ECTS credits ECTS credits: 4.5
ECTS Hours Rules/Memories Student's work ECTS: 74.25 Hours of tutorials: 2.25 Expository Class: 18 Interactive Classroom: 18 Total: 112.5
Use languages Spanish, Galician
Type: Ordinary Degree Subject RD 1393/2007 - 822/2021
Departments: Soil Science and Agricultural Chemistry
Areas: Soil Science and Agricultural Chemistry
Center Higher Polytechnic Engineering School
Call:
Teaching: Sin docencia (Extinguida)
Enrolment: No Matriculable
G4091204 and G4091204 – SOIL SCIENCE
GENERAL INFORMATION
• ECTS credits: 4.50
• Lectures: 18.00 h
• Practical classes: 18.00 h
• Exam: 2.5 h
• Tutorial: 2.00 h
• Student work: 72 h
• Total: 112.5 h
COURSE OBJECTIVES
AGRICULTURAL AND AGRI-FOOD ENGINEERING
Students should achieve knowledge regarding basis and fundamentals of Soil Science to be applied in the field of Agricultural and Agri-food Engineering.

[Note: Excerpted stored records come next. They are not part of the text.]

(* There is a one-to-one correspondence between strict $2$-term Nijenhuis $\mathcal L_\infty$-conformal algebras and crossed modules of Nijenhuis Lie conformal algebras.
   Context: All spaces are over $\mathbb C$. A Lie conformal algebra is a $\mathbb C[\partial]$-module with a $\mathbb C$-bilinear $\lambda$-bracket satisfying $[\partial a_\lambda b]=-\lambda[a_\lambda b]$, $[a_\lambda\partial b]=(\partial+\lambda)[a_\lambda b]$, $[a_\lambda b]=-[b_{-\partial-\lambda}a]$, $[a_\lambda[b_\mu c]]=[[a_\lambda b]_{\lambda+\mu}c]+[b_\mu[a_\lambda c]]$. A Nijenhuis operator is a $\mathbb C[\partial]$-linear $\mathcal N$ with $[\mathcal N(p)_\lambda\mathcal N(q)]=\mathcal N([\mathcal N(p)_\lambda q]+[p_\lambda\mathcal N(q)]-\mathcal N([p_\lambda q]))$; a Nijenhuis Lie conformal algebra is a Lie conformal algebra with a Nijenhuis operator; morphisms are bracket-preserving $\mathbb C[\partial]$-linear maps intertwining the operators. A conformal representation $\rho:\mathcal L\otimes\mathcal M\to\mathcal M[\lambda]$ satisfies $\rho(\partial p)_\lambda=-\lambda\rho(p)_\lambda$, $\rho(p)_\lambda\partial m=(\partial+\lambda)\rho(p)_\lambda m$, $\rho(p)_\lambda\rho(q)_\mu m-\rho(q)_\mu\rho(p)_\lambda m=\rho([p_\lambda q])_{\lambda+\mu}m$; a representation of a Nijenhuis Lie conformal algebra $(\mathcal L,[\cdot_\lambda\cdot],\mathcal N)$ is $(\mathcal M,\rho,\mathcal N_{\mathcal M})$ with $\mathcal N_{\mathcal M}$ $\mathbb C[\partial]$-linear and $\rho(\mathcal N(p))_\lambda\mathcal N_{\mathcal M}(m)=\mathcal N_{\mathcal M}(\rho(\mathcal N(p))_\lambda m+\rho(p)_\lambda\mathcal N_{\mathcal M}(m)-\mathcal N_{\mathcal M}(\rho(p)_\lambda m))$. A crossed module of Nijenhuis Lie conformal algebras is a quadruple $(\mathcal L_{0\,\mathcal N_0},\mathcal L_{1\,\mathcal N_1},t,\rho)$: two Nijenhuis Lie conformal algebras, a morphism $t:\mathcal L_{1\,\mathcal N_1}\to\mathcal L_{0\,\mathcal N_0}$, and a conformal sesquilinear $\rho:\mathcal L_0\otimes\mathcal L_1\to\mathcal L_1[\lambda]$ making $(\mathcal L_1,\rho,\mathcal N_1)$ a representation of $\mathcal L_{0\,\mathcal N_0}$, with $t(\rho(p)_\lambda m)=[p_\lambda t(m)]_{\mathcal L_0}$ and $\rho(t(m))_\lambda n=[m_\lambda n]_{\mathcal L_1}$. A strict $2$-term Nijenhuis $\mathcal L_\infty$-conformal algebra consists of a $\mathbb C[\partial]$-linear map $d:\mathcal L_1\to\mathcal L_0$ of $\mathbb C[\partial]$-modules, conformal sesquilinear $\mathbb C$-bilinear brackets $\llbracket\cdot_\lambda\cdot\rrbracket$: $\mathcal L_0\otimes\mathcal L_0\to\mathcal L_0[\lambda]$, $\mathcal L_0\otimes\mathcal L_1\to\mathcal L_1[\lambda]$, $\mathcal L_1\otimes\mathcal L_0\to\mathcal L_1[\lambda]$ (with $\llbracket m_\lambda n\rrbracket=0$ for $m,n\in\mathcal L_1$), and $\mathbb C[\partial]$-linear maps $\mathcal N_0:\mathcal L_0\to\mathcal L_0$, $\mathcal N_1:\mathcal L_1\to\mathcal L_1$, such that for all $p,q,r\in\mathcal L_0$, $m,n\in\mathcal L_1$: $\llbracket p_\lambda m\rrbracket=-\llbracket m_{-\partial-\lambda}p\rrbracket$; $\llbracket p_\lambda q\rrbracket=-\llbracket q_{-\partial-\lambda}p\rrbracket$; $d\llbracket p_\lambda m\rrbracket=\llbracket p_\lambda d(m)\rrbracket$; $\llbracket d(m)_\lambda n\rrbracket=\llbracket m_\lambda d(n)\rrbracket$; $\llbracket p_\lambda\llbracket q_\mu r\rrbracket\rrbracket-\llbracket\llbracket p_\lambda q\rrbracket_{\lambda+\mu}r\rrbracket-\llbracket q_\mu\llbracket p_\lambda r\rrbracket\rrbracket=0$; $\llbracket p_\lambda\llbracket q_\mu m\rrbracket\rrbracket-\llbracket\llbracket p_\lambda q\rrbracket_{\lambda+\mu}m\rrbracket-\llbracket q_\mu\llbracket p_\lambda m\rrbracket\rrbracket=0$; $d\circ\mathcal N_1=\mathcal N_0\circ d$; $\mathcal N_0(\llbracket\mathcal N_0(p)_\lambda q\rrbracket+\llbracket p_\lambda\mathcal N_0(q)\rrbracket-\mathcal N_0\llbracket p_\lambda q\rrbracket)=\llbracket\mathcal N_0(p)_\lambda\mathcal N_0(q)\rrbracket$; $\mathcal N_1(\llbracket\mathcal N_0(p)_\lambda m\rrbracket+\llbracket p_\lambda\mathcal N_1(m)\rrbracket-\mathcal N_1\llbracket p_\lambda m\rrbracket)=\llbracket\mathcal N_0(p)_\lambda\mathcal N_1(m)\rrbracket$. (It is the special case $l_3=0$, $\mathcal N_2=0$ of a $2$-term $\mathcal L_\infty$-conformal algebra with homotopy Nijenhuis operator.) *)

theory Defs
  imports "HOL-Computational_Algebra.Polynomial"
begin

text \<open>
A \<open>\<complex>[\<partial>]\<close>-module is a type carrying a complex vector space structure
(scalar multiplication \<open>sc\<close>) together with a \<open>\<complex>\<close>-linear endomorphism \<open>D\<close> (= \<open>\<partial>\<close>).
An element of \<open>M[\<lambda>]\<close> is a polynomial \<open>'m poly\<close> with coefficients in \<open>M\<close>
(coefficient \<open>i\<close> = coefficient of \<open>\<lambda>^i\<close>); \<open>\<partial>\<close> acts coefficientwise, multiplication by
\<open>\<lambda>\<close> is \<open>pCons 0\<close>.  Elements of \<open>M[\<lambda>,\<mu>]\<close> are \<open>'m poly poly\<close>: the outer variable is \<open>\<mu>\<close>,
the inner variable (of the coefficients) is \<open>\<lambda>\<close>.
\<close>

definition cmodule :: "(complex \<Rightarrow> 'a::ab_group_add \<Rightarrow> 'a) \<Rightarrow> ('a \<Rightarrow> 'a) \<Rightarrow> bool" where
  "cmodule sc D \<longleftrightarrow> vector_space sc \<and> Vector_Spaces.linear sc sc D"

definition cd_linear ::
  "(complex \<Rightarrow> 'a::ab_group_add \<Rightarrow> 'a) \<Rightarrow> (complex \<Rightarrow> 'b::ab_group_add \<Rightarrow> 'b)
   \<Rightarrow> ('a \<Rightarrow> 'a) \<Rightarrow> ('b \<Rightarrow> 'b) \<Rightarrow> ('a \<Rightarrow> 'b) \<Rightarrow> bool" where
  "cd_linear sca scb Da Db f \<longleftrightarrow> Vector_Spaces.linear sca scb f \<and> (\<forall>x. f (Da x) = Db (f x))"

definition bilin ::
  "(complex \<Rightarrow> 'x::ab_group_add \<Rightarrow> 'x) \<Rightarrow> (complex \<Rightarrow> 'y::ab_group_add \<Rightarrow> 'y)
   \<Rightarrow> (complex \<Rightarrow> 'z::ab_group_add \<Rightarrow> 'z) \<Rightarrow> ('x \<Rightarrow> 'y \<Rightarrow> 'z poly) \<Rightarrow> bool" where
  "bilin scx scy scz br \<longleftrightarrow>
     (\<forall>a a' b. br (a + a') b = br a b + br a' b) \<and>
     (\<forall>a b b'. br a (b + b') = br a b + br a b') \<and>
     (\<forall>c a b. br (scx c a) b = map_poly (scz c) (br a b)) \<and>
     (\<forall>c a b. br a (scy c b) = map_poly (scz c) (br a b))"

definition sesq ::
  "('x \<Rightarrow> 'x) \<Rightarrow> ('y \<Rightarrow> 'y) \<Rightarrow> ('z::ab_group_add \<Rightarrow> 'z) \<Rightarrow> ('x \<Rightarrow> 'y \<Rightarrow> 'z poly) \<Rightarrow> bool" where
  "sesq Dx Dy Dz br \<longleftrightarrow>
     (\<forall>a b. br (Dx a) b = - pCons 0 (br a b)) \<and>
     (\<forall>a b. br a (Dy b) = map_poly Dz (br a b) + pCons 0 (br a b))"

FORESTRY AND ENVIRONMENTAL ENGINEERING
Students should achieve knowledge regarding basis and fundamentals of Soil Science to be applied in the field of Forestry and environment.
AGRICULTURAL AND AGRI-FOOD ENGINEERING
FORESTRY AND ENVIRONMENTAL ENGINEERING
The degree report for this subject includes the following contents:
General concepts of Edaphology (Soil Science).
Soil forming factors.
Soil components.
Soil structure.
Physical, chemical and biological properties of soils.
Soil classification according to the FAO methodology.
Suitability and limitations of soils for production: Agrological Classes.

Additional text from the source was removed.